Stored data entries

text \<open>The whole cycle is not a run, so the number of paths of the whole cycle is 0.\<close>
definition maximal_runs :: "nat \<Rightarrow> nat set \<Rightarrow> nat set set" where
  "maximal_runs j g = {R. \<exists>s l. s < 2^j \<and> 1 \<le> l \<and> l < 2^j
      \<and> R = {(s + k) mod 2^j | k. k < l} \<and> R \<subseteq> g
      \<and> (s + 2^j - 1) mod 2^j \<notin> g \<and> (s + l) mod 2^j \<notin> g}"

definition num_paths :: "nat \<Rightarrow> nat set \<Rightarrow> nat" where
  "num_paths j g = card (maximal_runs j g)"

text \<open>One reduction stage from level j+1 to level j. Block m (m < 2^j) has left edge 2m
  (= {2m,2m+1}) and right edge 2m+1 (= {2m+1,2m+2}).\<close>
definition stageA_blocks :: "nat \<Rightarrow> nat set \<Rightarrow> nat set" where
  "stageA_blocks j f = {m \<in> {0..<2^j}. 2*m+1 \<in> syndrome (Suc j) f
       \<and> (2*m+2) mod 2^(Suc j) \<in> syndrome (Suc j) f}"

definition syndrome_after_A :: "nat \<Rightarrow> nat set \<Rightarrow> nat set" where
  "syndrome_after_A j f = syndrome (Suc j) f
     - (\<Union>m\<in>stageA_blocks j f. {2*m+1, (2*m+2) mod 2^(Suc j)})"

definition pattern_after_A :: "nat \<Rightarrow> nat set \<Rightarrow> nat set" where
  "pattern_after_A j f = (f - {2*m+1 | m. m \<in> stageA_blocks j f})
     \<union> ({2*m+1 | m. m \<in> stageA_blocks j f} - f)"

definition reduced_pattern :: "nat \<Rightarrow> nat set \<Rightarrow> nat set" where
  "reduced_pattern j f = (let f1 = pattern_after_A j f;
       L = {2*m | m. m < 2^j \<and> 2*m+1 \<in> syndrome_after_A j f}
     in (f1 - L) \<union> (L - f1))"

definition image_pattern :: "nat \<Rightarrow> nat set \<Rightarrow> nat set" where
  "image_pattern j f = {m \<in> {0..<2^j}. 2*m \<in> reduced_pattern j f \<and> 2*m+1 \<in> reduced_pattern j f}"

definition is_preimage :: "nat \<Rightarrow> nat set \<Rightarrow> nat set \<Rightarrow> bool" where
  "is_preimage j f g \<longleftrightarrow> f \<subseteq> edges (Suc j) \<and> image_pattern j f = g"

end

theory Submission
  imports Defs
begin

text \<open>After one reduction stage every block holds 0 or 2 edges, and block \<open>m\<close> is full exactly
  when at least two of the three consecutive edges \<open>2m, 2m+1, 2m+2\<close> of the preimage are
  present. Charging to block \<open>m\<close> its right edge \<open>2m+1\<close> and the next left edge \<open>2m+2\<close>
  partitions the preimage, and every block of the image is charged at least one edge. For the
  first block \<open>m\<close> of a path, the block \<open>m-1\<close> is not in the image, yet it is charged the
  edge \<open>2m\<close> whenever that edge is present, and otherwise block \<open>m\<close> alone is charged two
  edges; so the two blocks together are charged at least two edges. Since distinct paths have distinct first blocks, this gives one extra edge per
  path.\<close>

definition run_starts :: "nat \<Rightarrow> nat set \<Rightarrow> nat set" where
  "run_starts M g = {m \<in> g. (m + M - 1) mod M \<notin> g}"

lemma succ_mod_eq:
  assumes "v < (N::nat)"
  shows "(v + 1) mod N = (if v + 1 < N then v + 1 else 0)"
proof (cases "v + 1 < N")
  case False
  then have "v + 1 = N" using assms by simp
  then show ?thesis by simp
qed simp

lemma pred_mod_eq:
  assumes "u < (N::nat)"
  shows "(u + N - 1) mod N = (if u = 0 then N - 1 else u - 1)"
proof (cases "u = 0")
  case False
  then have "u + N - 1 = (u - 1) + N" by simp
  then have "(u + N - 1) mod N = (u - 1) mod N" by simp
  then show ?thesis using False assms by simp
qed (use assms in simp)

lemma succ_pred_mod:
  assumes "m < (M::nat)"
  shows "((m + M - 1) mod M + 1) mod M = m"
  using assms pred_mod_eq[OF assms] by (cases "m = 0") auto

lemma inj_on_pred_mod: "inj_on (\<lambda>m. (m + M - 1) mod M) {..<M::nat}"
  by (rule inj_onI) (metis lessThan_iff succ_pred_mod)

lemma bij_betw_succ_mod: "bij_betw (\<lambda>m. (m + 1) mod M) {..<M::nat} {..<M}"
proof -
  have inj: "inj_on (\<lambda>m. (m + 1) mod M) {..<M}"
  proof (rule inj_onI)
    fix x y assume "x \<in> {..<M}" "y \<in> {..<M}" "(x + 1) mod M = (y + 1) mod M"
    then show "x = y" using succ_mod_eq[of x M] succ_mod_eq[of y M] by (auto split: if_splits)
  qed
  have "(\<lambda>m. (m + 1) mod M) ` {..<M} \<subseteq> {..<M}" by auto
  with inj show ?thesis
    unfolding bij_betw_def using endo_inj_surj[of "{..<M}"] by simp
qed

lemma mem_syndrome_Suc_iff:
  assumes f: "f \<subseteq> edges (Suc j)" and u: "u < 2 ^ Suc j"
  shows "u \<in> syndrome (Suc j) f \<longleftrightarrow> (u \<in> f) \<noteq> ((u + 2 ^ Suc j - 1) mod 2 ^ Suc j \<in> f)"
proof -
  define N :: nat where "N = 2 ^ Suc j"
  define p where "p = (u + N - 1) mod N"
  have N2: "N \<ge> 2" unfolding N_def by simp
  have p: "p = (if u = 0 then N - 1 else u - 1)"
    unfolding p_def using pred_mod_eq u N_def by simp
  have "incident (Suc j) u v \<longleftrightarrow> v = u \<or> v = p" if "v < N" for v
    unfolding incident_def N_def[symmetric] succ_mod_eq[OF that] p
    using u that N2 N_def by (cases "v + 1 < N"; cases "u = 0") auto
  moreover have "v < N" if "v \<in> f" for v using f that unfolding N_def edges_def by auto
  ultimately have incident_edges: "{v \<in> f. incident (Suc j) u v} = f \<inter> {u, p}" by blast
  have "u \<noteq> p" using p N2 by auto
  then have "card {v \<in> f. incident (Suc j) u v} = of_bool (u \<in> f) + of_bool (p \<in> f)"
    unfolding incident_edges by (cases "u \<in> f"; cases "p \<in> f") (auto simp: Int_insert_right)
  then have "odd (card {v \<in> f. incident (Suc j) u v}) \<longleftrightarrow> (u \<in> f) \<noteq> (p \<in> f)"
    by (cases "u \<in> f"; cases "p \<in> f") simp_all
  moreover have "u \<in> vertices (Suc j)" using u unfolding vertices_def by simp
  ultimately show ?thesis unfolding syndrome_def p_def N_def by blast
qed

ASSIGNMENT
Each record above is to be given again without any change to its wording.

EXERCISE RESPONSE
text \<open>The whole cycle is not a run, so the number of paths of the whole cycle is 0.\<close>
definition maximal_runs :: "nat \<Rightarrow> nat set \<Rightarrow> nat set set" where
  "maximal_runs j g = {R. \<exists>s l. s < 2^j \<and> 1 \<le> l \<and> l < 2^j
      \<and> R = {(s + k) mod 2^j | k. k < l} \<and> R \<subseteq> g
      \<and> (s + 2^j - 1) mod 2^j \<notin> g \<and> (s + l) mod 2^j \<notin> g}"

definition num_paths :: "nat \<Rightarrow> nat set \<Rightarrow> nat" where
  "num_paths j g = card (maximal_runs j g)"

text \<open>One reduction stage from level j+1 to level j. Block m (m < 2^j) has left edge 2m
  (= {2m,2m+1}) and right edge 2m+1 (= {2m+1,2m+2}).\<close>
definition stageA_blocks :: "nat \<Rightarrow> nat set \<Rightarrow> nat set" where
  "stageA_blocks j f = {m \<in> {0..<2^j}. 2*m+1 \<in> syndrome (Suc j) f
       \<and> (2*m+2) mod 2^(Suc j) \<in> syndrome (Suc j) f}"

definition syndrome_after_A :: "nat \<Rightarrow> nat set \<Rightarrow> nat set" where
  "syndrome_after_A j f = syndrome (Suc j) f
     - (\<Union>m\<in>stageA_blocks j f. {2*m+1, (2*m+2) mod 2^(Suc j)})"

definition pattern_after_A :: "nat \<Rightarrow> nat set \<Rightarrow> nat set" where
  "pattern_after_A j f = (f - {2*m+1 | m. m \<in> stageA_blocks j f})
     \<union> ({2*m+1 | m. m \<in> stageA_blocks j f} - f)"

definition reduced_pattern :: "nat \<Rightarrow> nat set \<Rightarrow> nat set" where
  "reduced_pattern j f = (let f1 = pattern_after_A j f;
       L = {2*m | m. m < 2^j \<and> 2*m+1 \<in> syndrome_after_A j f}
     in (f1 - L) \<union> (L - f1))"

definition image_pattern :: "nat \<Rightarrow> nat set \<Rightarrow> nat set" where
  "image_pattern j f = {m \<in> {0..<2^j}. 2*m \<in> reduced_pattern j f \<and> 2*m+1 \<in> reduced_pattern j f}"

definition is_preimage :: "nat \<Rightarrow> nat set \<Rightarrow> nat set \<Rightarrow> bool" where
  "is_preimage j f g \<longleftrightarrow> f \<subseteq> edges (Suc j) \<and> image_pattern j f = g"

end

theory Submission
  imports Defs
begin

text \<open>After one reduction stage every block holds 0 or 2 edges, and block \<open>m\<close> is full exactly
  when at least two of the three consecutive edges \<open>2m, 2m+1, 2m+2\<close> of the preimage are
  present. Charging to block \<open>m\<close> its right edge \<open>2m+1\<close> and the next left edge \<open>2m+2\<close>
  partitions the preimage, and every block of the image is charged at least one edge. For the
  first block \<open>m\<close> of a path, the block \<open>m-1\<close> is not in the image, yet it is charged the
  edge \<open>2m\<close> whenever that edge is present, and otherwise block \<open>m\<close> alone is charged two
  edges; so the two blocks together are charged at least two edges. Since distinct paths have distinct first blocks, this gives one extra edge per
  path.\<close>

definition run_starts :: "nat \<Rightarrow> nat set \<Rightarrow> nat set" where
  "run_starts M g = {m \<in> g. (m + M - 1) mod M \<notin> g}"

lemma succ_mod_eq:
  assumes "v < (N::nat)"
  shows "(v + 1) mod N = (if v + 1 < N then v + 1 else 0)"
proof (cases "v + 1 < N")
  case False
  then have "v + 1 = N" using assms by simp
  then show ?thesis by simp
qed simp

lemma pred_mod_eq:
  assumes "u < (N::nat)"
  shows "(u + N - 1) mod N = (if u = 0 then N - 1 else u - 1)"
proof (cases "u = 0")
  case False
  then have "u + N - 1 = (u - 1) + N" by simp
  then have "(u + N - 1) mod N = (u - 1) mod N" by simp
  then show ?thesis using False assms by simp
qed (use assms in simp)

lemma succ_pred_mod:
  assumes "m < (M::nat)"
  shows "((m + M - 1) mod M + 1) mod M = m"
  using assms pred_mod_eq[OF assms] by (cases "m = 0") auto

lemma inj_on_pred_mod: "inj_on (\<lambda>m. (m + M - 1) mod M) {..<M::nat}"
  by (rule inj_onI) (metis lessThan_iff succ_pred_mod)

lemma bij_betw_succ_mod: "bij_betw (\<lambda>m. (m + 1) mod M) {..<M::nat} {..<M}"
proof -
  have inj: "inj_on (\<lambda>m. (m + 1) mod M) {..<M}"
  proof (rule inj_onI)
    fix x y assume "x \<in> {..<M}" "y \<in> {..<M}" "(x + 1) mod M = (y + 1) mod M"
    then show "x = y" using succ_mod_eq[of x M] succ_mod_eq[of y M] by (auto split: if_splits)
  qed
  have "(\<lambda>m. (m + 1) mod M) ` {..<M} \<subseteq> {..<M}" by auto
  with inj show ?thesis
    unfolding bij_betw_def using endo_inj_surj[of "{..<M}"] by simp
qed

lemma mem_syndrome_Suc_iff:
  assumes f: "f \<subseteq> edges (Suc j)" and u: "u < 2 ^ Suc j"
  shows "u \<in> syndrome (Suc j) f \<longleftrightarrow> (u \<in> f) \<noteq> ((u + 2 ^ Suc j - 1) mod 2 ^ Suc j \<in> f)"
proof -
  define N :: nat where "N = 2 ^ Suc j"
  define p where "p = (u + N - 1) mod N"
  have N2: "N \<ge> 2" unfolding N_def by simp
  have p: "p = (if u = 0 then N - 1 else u - 1)"
    unfolding p_def using pred_mod_eq u N_def by simp
  have "incident (Suc j) u v \<longleftrightarrow> v = u \<or> v = p" if "v < N" for v
    unfolding incident_def N_def[symmetric] succ_mod_eq[OF that] p
    using u that N2 N_def by (cases "v + 1 < N"; cases "u = 0") auto
  moreover have "v < N" if "v \<in> f" for v using f that unfolding N_def edges_def by auto
  ultimately have incident_edges: "{v \<in> f. incident (Suc j) u v} = f \<inter> {u, p}" by blast
  have "u \<noteq> p" using p N2 by auto
  then have "card {v \<in> f. incident (Suc j) u v} = of_bool (u \<in> f) + of_bool (p \<in> f)"
    unfolding incident_edges by (cases "u \<in> f"; cases "p \<in> f") (auto simp: Int_insert_right)
  then have "odd (card {v \<in> f. incident (Suc j) u v}) \<longleftrightarrow> (u \<in> f) \<noteq> (p \<in> f)"
    by (cases "u \<in> f"; cases "p \<in> f") simp_all
  moreover have "u \<in> vertices (Suc j)" using u unfolding vertices_def by simp
  ultimately show ?thesis unfolding syndrome_def p_def N_def by blast
qed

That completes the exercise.